If everything was supplied correctly, the output should look something like this:

[aspymap:~/sarra_output_test]$ sr_subscribe foreground downloademail.conf
2018-10-03 15:24:57,153 [INFO] download_email_ingest init
2018-10-03 15:24:57,159 [INFO] sr_subscribe downloademail start
2018-10-03 15:24:57,159 [INFO] log settings start for sr_subscribe (version: 2.18.07b3):
2018-10-03 15:24:57,159 [INFO]  inflight=.tmp events=create|delete|link|modify use_pika=False
2018-10-03 15:24:57,159 [INFO]  suppress_duplicates=False retry_mode=True retry_ttl=300000ms
2018-10-03 15:24:57,159 [INFO]  expire=300000ms reset=False message_ttl=None prefetch=25 accept_unmatch=False delete=False
2018-10-03 15:24:57,159 [INFO]  heartbeat=300 default_mode=000 default_mode_dir=775 default_mode_log=600 discard=False durable=True
2018-10-03 15:24:57,159 [INFO]  preserve_mode=True preserve_time=True realpathPost=False base_dir=None follow_symlinks=False
2018-10-03 15:24:57,159 [INFO]  mirror=False flatten=/ realpathPost=False strip=0 base_dir=None report=True
2018-10-03 15:24:57,159 [INFO]  Plugins configured:
2018-10-03 15:24:57,159 [INFO]          do_download: Fetcher
2018-10-03 15:24:57,159 [INFO]          do_get     :
2018-10-03 15:24:57,159 [INFO]          on_message:
2018-10-03 15:24:57,159 [INFO]          on_part:
2018-10-03 15:24:57,159 [INFO]          on_file: File_Log Decoder
2018-10-03 15:24:57,159 [INFO]          on_post: Post_Log
2018-10-03 15:24:57,159 [INFO]          on_heartbeat: Hb_Log Hb_Memory Hb_Pulse RETRY
2018-10-03 15:24:57,159 [INFO]          on_report:
2018-10-03 15:24:57,159 [INFO]          on_start:
2018-10-03 15:24:57,159 [INFO]          on_stop:
2018-10-03 15:24:57,159 [INFO] log_settings end.
2018-10-03 15:24:57,159 [INFO] sr_subscribe run
2018-10-03 15:24:57,160 [INFO] AMQP  broker(localhost) user(tsource) vhost(/)
2018-10-03 15:24:57,164 [INFO] Binding queue q_tsource.sr_subscribe.downloademail.64168876.31529683 with key v02.post.# from exchange xs_tsource on broker amqp://tsource@localhost/
2018-10-03 15:24:57,166 [INFO] reading from to tsource@localhost, exchange: xs_tsource
2018-10-03 15:24:57,167 [INFO] report to tsource@localhost, exchange: xs_tsource
2018-10-03 15:24:57,167 [INFO] sr_retry on_heartbeat
2018-10-03 15:24:57,172 [INFO] No retry in list
2018-10-03 15:24:57,173 [INFO] sr_retry on_heartbeat elapse 0.006333
2018-10-03 15:25:00,497 [INFO] download_email_ingest downloaded file: /home/ib/dads/map/.cache/sarra/sarra_doc_test/sarra demo20181003_15241538594699_452125
2018-10-03 15:25:00,500 [INFO] file_log downloaded to: /home/ib/dads/map/.cache/sarra/sarra_doc_test/sarra demo20181003_15241538594699_452125
^C2018-10-03 15:25:03,675 [INFO] signal stop (SIGINT)
2018-10-03 15:25:03,675 [INFO] sr_subscribe stop

Use Case

The email ingest plugins were developed for the short burst data use case, where information would arrive in message attachments.

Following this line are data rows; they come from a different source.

lemma game_domination_graph8: "3 \<le> game_domination {..<8} graph8"
proof -
  let ?V = "{..<8::nat}"
  have first_move: "legal_moves ?V graph8 {} \<noteq> {}"
    by code_simp
  have reply: "\<forall>v\<in>legal_moves ?V graph8 {}.
      \<exists>w\<in>legal_moves ?V graph8 {v}. legal_moves ?V graph8 (insert w {v}) \<noteq> {}"
    by code_simp
  \<comment> \<open>fuel is written with \<open>Suc\<close> so that the one-round lemmas apply literally\<close>
  have two_moves: "2 \<le> dgv ?V graph8 (Suc (Suc 5)) {v} False" if v: "v \<in> legal_moves ?V graph8 {}" for v
  proof -
    obtain w where w: "w \<in> legal_moves ?V graph8 {v}" "legal_moves ?V graph8 (insert w {v}) \<noteq> {}"
      using bspec[OF reply v] ..
    have "1 \<le> dgv ?V graph8 (Suc 5) (insert w {v}) True"
      by (rule dgv_Suc_Dominator_ge) (simp_all add: w(2))
    then show ?thesis
      by (intro dgv_Suc_Staller_ge[OF _ w(1)]) simp_all
  qed
  have "3 \<le> dgv ?V graph8 (Suc (Suc (Suc 5))) {} True"
  proof (rule dgv_Suc_Dominator_ge)
    show "legal_moves ?V graph8 {} \<noteq> {}"
      by (fact first_move)
    fix v
    assume "v \<in> legal_moves ?V graph8 {}"
    from two_moves[OF this] show "3 \<le> Suc (dgv ?V graph8 (Suc (Suc 5)) (insert v {}) False)"
      by simp
  qed simp
  then show ?thesis
    by (simp add: game_domination_def)
qed

lemma upper_irredundance_graph8: "3 \<le> upper_irredundance {..<8} graph8"
proof -
  have "maximal_irredundant {..<8} graph8 {1, 4, 5}"
    unfolding maximal_irredundant_iff by code_simp
  then show ?thesis
    using card_le_upper_irredundance[of "{..<8}"] by fastforce
qed


theorem proposition3p1:
  fixes V :: "'a set" and E :: "'a \<Rightarrow> 'a \<Rightarrow> bool"
  assumes "fin_graph V E"
  shows "upper_domination V E \<le> indicated_domination V E
       \<and> indicated_domination V E \<le> grundy_domination V E
       \<and> (\<exists>(V1::nat set) E1. fin_graph V1 E1 \<and> indicated_domination V1 E1 > game_domination V1 E1)
       \<and> (\<exists>(V2::nat set) E2. fin_graph V2 E2 \<and> indicated_domination V2 E2 < game_domination V2 E2)
       \<and> (\<exists>(V3::nat set) E3. fin_graph V3 E3 \<and> indicated_domination V3 E3 > upper_irredundance V3 E3)
       \<and> (\<exists>(V4::nat set) E4. fin_graph V4 E4 \<and> indicated_domination V4 E4 < upper_irredundance V4 E4)"
proof (intro conjI)
  show "upper_domination V E \<le> indicated_domination V E"
    by (rule upper_domination_le_indicated_domination[OF assms])
  show "indicated_domination V E \<le> grundy_domination V E"
    by (rule indicated_domination_le_grundy_domination[OF assms])
  show "\<exists>(V1::nat set) E1. fin_graph V1 E1 \<and> indicated_domination V1 E1 > game_domination V1 E1"
    using fin_graph_path3 path3_game_indicated_domination by force
  show "\<exists>(V2::nat set) E2. fin_graph V2 E2 \<and> indicated_domination V2 E2 < game_domination V2 E2"
    using fin_graph_graph8 indicated_domination_graph8 game_domination_graph8 by force
  show "\<exists>(V3::nat set) E3. fin_graph V3 E3 \<and> indicated_domination V3 E3 > upper_irredundance V3 E3"
    using fin_graph_cycle5 cycle5_irredundance_indicated_domination by force
  show "\<exists>(V4::nat set) E4. fin_graph V4 E4 \<and> indicated_domination V4 E4 < upper_irredundance V4 E4"
    using fin_graph_graph8 indicated_domination_graph8 upper_irredundance_graph8 by force
qed

end
text \<open>Call a voter \<open>v\<close> who ranks \<open>a\<close> above all of \<open>C\<close> and is covered by \<open>C\<close> a
  \<^emph>\<open>blocking\<close> voter. Her boundary candidate is weakly below some \<open>c \<in> C\<close>, hence strictly
  below \<open>a\<close>; since the boundary is her demand at income \<open>1 - \<epsilon>\<close>, the price she faces for \<open>a\<close>
  exceeds \<open>1 - \<epsilon>\<close>. Optimality of \<open>y\<close> against the point mass on \<open>a\<close> bounds the total price of
  \<open>a\<close> by the revenue \<open>\<Sum>\<^sub>b (\<Sum>\<^sub>v p\<^sub>v\<^sub>b) y\<^sub>b\<close>. By complementary slackness the revenue equals
  the voters' total expected spending, and each voter spends at most her income, whose
  expectation is at most \<open>\<beta>\<close>. Hence there are at most \<open>\<beta> n / (1 - \<epsilon>)\<close> blocking voters, and
  every other voter ranking \<open>a\<close> above \<open>C\<close> is uncovered.\<close>

lemma opt_pref_trans:
  assumes "trans R" "opt_pref R x y" "opt_pref R y z"
  shows "opt_pref R x z"
  using assms by (cases x; cases y; cases z) (auto dest: transD)

lemma opt_pref_irrefl:
  assumes "irrefl R"
  shows "\<not> opt_pref R x x"
  using assms by (cases x) (auto simp: irrefl_def)
lemma normals_near_in_open_cone:
  assumes ss: "semi_smooth B" and z: "z \<in> frontier B" and "c > 0"
    and cone: "\<And>u. normal_vector B z u \<Longrightarrow> c * norm u < inner u v"
  obtains r where "r > 0"
    "\<And>w u. w \<in> frontier B \<Longrightarrow> dist w z < r \<Longrightarrow> normal_vector B w u \<Longrightarrow> c / 2 * norm u < inner u v"
proof (rule ccontr)
  assume "\<not> thesis"
  then have "\<forall>n. \<exists>w u. w \<in> frontier B \<and> dist w z < inverse (Suc n) \<and> normal_vector B w u
      \<and> inner u v \<le> c / 2 * norm u"
    using that by (meson inverse_Suc not_le)
  then obtain W U where W: "\<And>n. W n \<in> frontier B" "\<And>n. dist (W n) z < inverse (Suc n)"
    and U: "\<And>n. normal_vector B (W n) (U n)" "\<And>n. inner (U n) v \<le> c / 2 * norm (U n)"
    by metis
  define E where "E n = (1 / norm (U n)) *\<^sub>R U n" for n
  have "U n \<noteq> 0" for n using U(1) by (simp add: normal_vector_def)
  then have E: "E n \<in> sphere 0 1" "normal_vector B (W n) (E n)" "inner (E n) v \<le> c / 2" for n
    using normal_vector_scaleR[OF U(1)] U(2)[of n] by (auto simp: E_def divide_le_eq)
  obtain l r where "l \<in> sphere 0 1" "strict_mono r" and lim: "(E \<circ> r) \<longlonglongrightarrow> l"
    using compact_imp_seq_compact[OF compact_sphere] E(1) unfolding seq_compact_def by metis
  have "(\<lambda>n. W n - z) \<longlonglongrightarrow> 0"
    by (rule Lim_null_comparison[OF _ LIMSEQ_inverse_real_of_nat])
       (use W(2) in \<open>auto simp: dist_norm intro!: always_eventually less_imp_le\<close>)
  then have "(W \<circ> r) \<longlonglongrightarrow> z"
    using LIMSEQ_subseq_LIMSEQ \<open>strict_mono r\<close> by (simp add: Lim_null[symmetric])
  moreover have "l \<noteq> 0" using \<open>l \<in> sphere 0 1\<close> by auto
  ultimately have "normal_vector B z l"
    using semi_smooth_normal_limit[OF ss _ _ _ lim, of "W \<circ> r"] W(1) E(2) by simp
  then have "c < inner l v" using cone \<open>l \<in> sphere 0 1\<close> by fastforce
  moreover have "inner l v \<le> c / 2"
  proof (rule LIMSEQ_le_const2)
    show "(\<lambda>n. inner ((E \<circ> r) n) v) \<longlonglongrightarrow> inner l v" by (intro tendsto_intros lim)
  qed (use E(3) in auto)
  ultimately show False using \<open>c > 0\<close> by simp
qed

lemma semi_smooth_locally_transversal:
  assumes "semi_smooth B" "z \<in> frontier B"
  obtains v c r where "norm v = 1" "0 < c" "c \<le> 1" "0 < r"
    "\<And>w u d. w \<in> frontier B \<Longrightarrow> dist w z < r \<Longrightarrow> normal_vector B w u \<Longrightarrow> norm (d - v) \<le> c
      \<Longrightarrow> 0 < inner u d"
proof -
  obtain v c where v: "norm v = 1" and "c > 0"
    and "\<And>u. normal_vector B z u \<Longrightarrow> c * norm u < inner u v"
    using normal_cone_separated[OF assms] by blast
  then obtain r where "r > 0" and near: "\<And>w u. w \<in> frontier B \<Longrightarrow> dist w z < r
      \<Longrightarrow> normal_vector B w u \<Longrightarrow> c / 2 * norm u < inner u v"
    using normals_near_in_open_cone[OF assms] by blast
  show ?thesis
  proof (rule that[of v "min (c / 2) 1" r])
    fix w u d assume w: "w \<in> frontier B" "dist w z < r" "normal_vector B w u"
      and d: "norm (d - v) \<le> min (c / 2) 1"
    have "\<bar>inner u (d - v)\<bar> \<le> norm u * norm (d - v)" by (rule Cauchy_Schwarz_ineq2)
    also have "\<dots> \<le> norm u * (c / 2)" using d by (intro mult_left_mono) auto
    finally have "- (c / 2 * norm u) \<le> inner u (d - v)" by (metis abs_le_D2 minus_le_iff mult.commute)
    then show "0 < inner u d" using near[OF w] by (simp add: inner_diff_right)
  qed (use v \<open>c > 0\<close> \<open>r > 0\<close> in auto)
qed

definition frame_point :: "complex \<Rightarrow> complex \<Rightarrow> real \<Rightarrow> real \<Rightarrow> complex" where
  "frame_point z v h t = z + (of_real t + \<i> * of_real h) * v"

lemma frame_point_coordinates:
  assumes "v \<noteq> 0"
  shows "frame_point z v (Im ((w - z) / v)) (Re ((w - z) / v)) = w"
  using assms complex_eq[of "(w - z) / v"] by (simp add: frame_point_def)

lemma dist_frame_point_le:
  assumes "norm v = 1"
  shows "dist (frame_point z v h t) z \<le> \<bar>t\<bar> + \<bar>h\<bar>"
  using assms norm_triangle_ineq[of "of_real t" "\<i> * of_real h"]
  by (simp add: frame_point_def dist_norm norm_mult)

lemma frame_point_shift:
  assumes "s \<noteq> 0"
  shows "frame_point z v h t = frame_point z v h' (t - s) + of_real s * (v + of_real ((h - h') / s) * (\<i> * v))"
proof -
  have "of_real s * (v + of_real ((h - h') / s) * (\<i> * v))
      = of_real s * v + (of_real s * of_real ((h - h') / s)) * (\<i> * v)"
    by (simp only: distrib_left mult.assoc)
  also have "of_real s * of_real ((h - h') / s) = (of_real (h - h') :: complex)"
    using assms by (simp flip: of_real_mult)
  finally show ?thesis by (simp add: frame_point_def algebra_simps)
qed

Previously the emails were downloaded with a fetchmail script, and a cronjob would run every once in a while to detect and decode new files and their email attachments, to be used for further data processing. Sarracenia now takes care of all the steps of data routing, and allows this process to be more parallelizable.